THE TASK:
How many lines in the data that follows contain the word "where"? Only that number is needed.

INFORMATION GIVEN:
____
lemma square_reps_subset: "square_reps \<subseteq> unit_reps"
  by (auto simp: square_reps_def)

text \<open>Squaring is at most two-to-one on residue classes, since \<open>r\<^sup>2 \<equiv> s\<^sup>2\<close> forces \<open>r \<equiv> \<plusminus>s\<close>.\<close>
lemma card_unit_reps_le: "card unit_reps \<le> 2 * card square_reps"
proof -
  define sq where "sq r = rep (r * r)" for r
  have sq: "sq r \<in> square_reps \<and> val_ge v (r * r - sq r) 1" if "r \<in> unit_reps" for r
  proof -
    have "r * r \<in> int_units v"
      using that int_units_mult by (simp add: unit_reps_def)
    then have "sq r \<in> unit_reps" "val_ge v (r * r - sq r) 1"
      using rep_unit rep_spec[OF int_units_val_ge] by (auto simp: sq_def)
    then show ?thesis
      using val_ge_commute by (auto simp: square_reps_def residually_square_def)
  qed
  have fibre: "card {r \<in> unit_reps. sq r = c} \<le> 2" for c
  proof (cases "{r \<in> unit_reps. sq r = c} = {}")
    case False
    then obtain r' where r': "r' \<in> unit_reps" "sq r' = c"
      by blast
    have int: "val_ge v r 0" if "r \<in> unit_reps" for r
      using that R_int by (simp add: unit_reps_def)
    have "{r \<in> unit_reps. sq r = c} \<subseteq> {r', rep (- r')}"
    proof
      fix r assume r: "r \<in> {r \<in> unit_reps. sq r = c}"
      have "val_ge v ((r * r - sq r) - (r' * r' - sq r')) 1"
        using val_ge_diff sq r r' by blast
      then have "val_ge v ((r - r') * (r + r')) 1"
        using r r' by (simp add: algebra_simps)
      moreover have "val_ge v (r - r') 0" "val_ge v (r + r') 0"
        using r r' int val_ge_diff val_ge_add by auto
      ultimately consider "val_ge v (r - r') 1" | "val_ge v (- r' - r) 1"
        using val_ge_one_mult_cases val_ge_commute[of "- r'" r] by fastforce
      then show "r \<in> {r', rep (- r')}"
      proof cases
        case 1
        then show ?thesis
          using R_distinct r r' by (simp add: unit_reps_def)
      next
        case 2
        then show ?thesis
          using rep_eqI[of r "- r'"] r r' int by (simp add: unit_reps_def)
      qed
    qed
    then have "card {r \<in> unit_reps. sq r = c} \<le> card {r', rep (- r')}"
      by (rule card_mono[rotated]) simp
    also have "\<dots> \<le> 2"
      by (simp add: card_insert_if)
    finally show ?thesis .
  next
    case True
    then show ?thesis
      by (simp only: card.empty)
  qed
  have "unit_reps = (\<Union>c\<in>square_reps. {r \<in> unit_reps. sq r = c})"
    using sq by blast
  then have "card unit_reps \<le> (\<Sum>c\<in>square_reps. card {r \<in> unit_reps. sq r = c})"
    using card_UN_le[OF finite_subset[OF square_reps_subset finite_unit_reps],
        of "\<lambda>c. {r \<in> unit_reps. sq r = c}"] by argo
  also have "\<dots> \<le> 2 * card square_reps"
    using sum_mono[of square_reps "\<lambda>c. card {r \<in> unit_reps. sq r = c}" "\<lambda>_. 2"] fibre
    by (simp add: mult.commute)
  finally show ?thesis .
qed

lemma mult_nonsquare_maps_onto_nonsquares:
  assumes a: "a \<in> int_units v" "\<not> residually_square v a"
  shows "(\<lambda>r. rep (a * r)) ` square_reps = unit_reps - square_reps"
    and "inj_on (\<lambda>r. rep (a * r)) unit_reps"
proof -
  define f where "f r = rep (a * r)" for r
  have f: "f r \<in> unit_reps \<and> val_ge v (a * r - f r) 1" if "r \<in> unit_reps" for r
    using that rep_unit[of "a * r"] rep_spec[of "a * r"] int_units_mult[OF a(1)] int_units_val_ge
    by (auto simp: f_def unit_reps_def)
  show inj: "inj_on (\<lambda>r. rep (a * r)) unit_reps"
    unfolding f_def[symmetric]
  proof (rule inj_onI)
    fix r r' assume r: "r \<in> unit_reps" "r' \<in> unit_reps" "f r = f r'"
    have "val_ge v ((a * r - f r) - (a * r' - f r')) 1"
      using val_ge_diff f r by blast
    then have "val_ge v (a * (r - r')) 1"
      using r(3) by (simp add: algebra_simps)
    moreover have "val_ge v (r - r') 0"
      using r R_int val_ge_diff by (auto simp: unit_reps_def)
    ultimately have "val_ge v (r - r') 1"
      using val_ge_one_mult_cases a int_units_val_ge by (auto simp: int_units_iff_val_ge)
    then show "r = r'"
      using r R_distinct by (auto simp: unit_reps_def)
  qed
  have "f r \<notin> square_reps" if r: "r \<in> square_reps" for r
  proof
    assume "f r \<in> square_reps"
    then obtain s where s: "val_ge v (f r - s * s) 1"
      by (auto simp: square_reps_def residually_square_def)
    obtain t where t: "val_ge v (r - t * t) 1"
      using r by (auto simp: square_reps_def residually_square_def)
    have "t * t \<in> int_units v"
      using r t int_units_cong by (auto simp: square_reps_def unit_reps_def)
    then have t_unit: "t \<in> int_units v"
      by (simp add: int_units_square_iff)
    have "val_ge v (a * (r - t * t)) 1"
      using val_ge_mult[OF t int_units_val_ge[OF a(1)]] by (simp add: mult.commute)
    then have "val_ge v (a * (t * t) - s * s) 1"
      using val_ge_add[OF val_ge_diff[OF f[THEN conjunct2] _] s, of r "a * (r - t * t)"] r
      by (simp add: square_reps_def algebra_simps)
    moreover have "a - (s / t) * (s / t) = (a * (t * t) - s * s) / (t * t)"
      using t_unit by (simp add: int_units_iff field_simps)
    ultimately have "val_ge v (a - (s / t) * (s / t)) 1"
      using val_ge_divide_unit[OF int_units_mult[OF t_unit t_unit]] by simp
    then show False
      using a(2) unfolding residually_square_def by blast
  qed
  then have "f ` square_reps \<subseteq> unit_reps - square_reps"
    using f square_reps_subset by blast
  moreover have "card (unit_reps - square_reps) \<le> card (f ` square_reps)"
    using card_unit_reps_le card_image[OF inj_on_subset[OF inj square_reps_subset]]
      card_Diff_subset[OF finite_subset[OF square_reps_subset finite_unit_reps] square_reps_subset]
    by (simp add: f_def)
  ultimately show "(\<lambda>r. rep (a * r)) ` square_reps = unit_reps - square_reps"
    unfolding f_def using finite_unit_reps by (intro card_seteq) auto
qed

lemma residually_square_mult:
  assumes a: "a \<in> int_units v" "\<not> residually_square v a"
    and b: "b \<in> int_units v" "\<not> residually_square v b"
  shows "residually_square v (a * b)"
proof -
  define f where "f r = rep (a * r)" for r
  have b_int: "val_ge v b 0"
    using int_units_val_ge[OF b(1)] .
  have rb: "rep b \<in> unit_reps" "val_ge v (rep b - b) 1"
    using rep_unit[OF b(1)] rep_spec[OF b_int] val_ge_commute by auto
  have "rep b \<notin> square_reps"
    using b(2) rb(2) residually_square_cong by (auto simp: square_reps_def)
  then have "f (rep b) \<notin> f ` square_reps"
    using inj_onD[OF mult_nonsquare_maps_onto_nonsquares(2)[OF a]] rb(1) square_reps_subset
    by (auto simp: f_def)
  moreover have ab: "a * rep b \<in> int_units v"
    using int_units_mult[OF a(1)] rb(1) by (simp add: unit_reps_def)
  ultimately have "f (rep b) \<in> square_reps"
    using mult_nonsquare_maps_onto_nonsquares(1)[OF a] rep_unit[OF ab] by (auto simp: f_def)
  then have "residually_square v (f (rep b))"
    by (simp add: square_reps_def)
  moreover have "val_ge v (f (rep b) - a * rep b) 1"
    using rep_spec[OF int_units_val_ge[OF ab]] val_ge_commute by (auto simp: f_def)
  moreover have "val_ge v (a * rep b - a * b) 1"
    using val_ge_mult[OF int_units_val_ge[OF a(1)] rb(2)] by (simp add: algebra_simps)
  ultimately show ?thesis
    using residually_square_cong val_ge_trans by blast
qed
____
EXERCISE OUTPUT:
6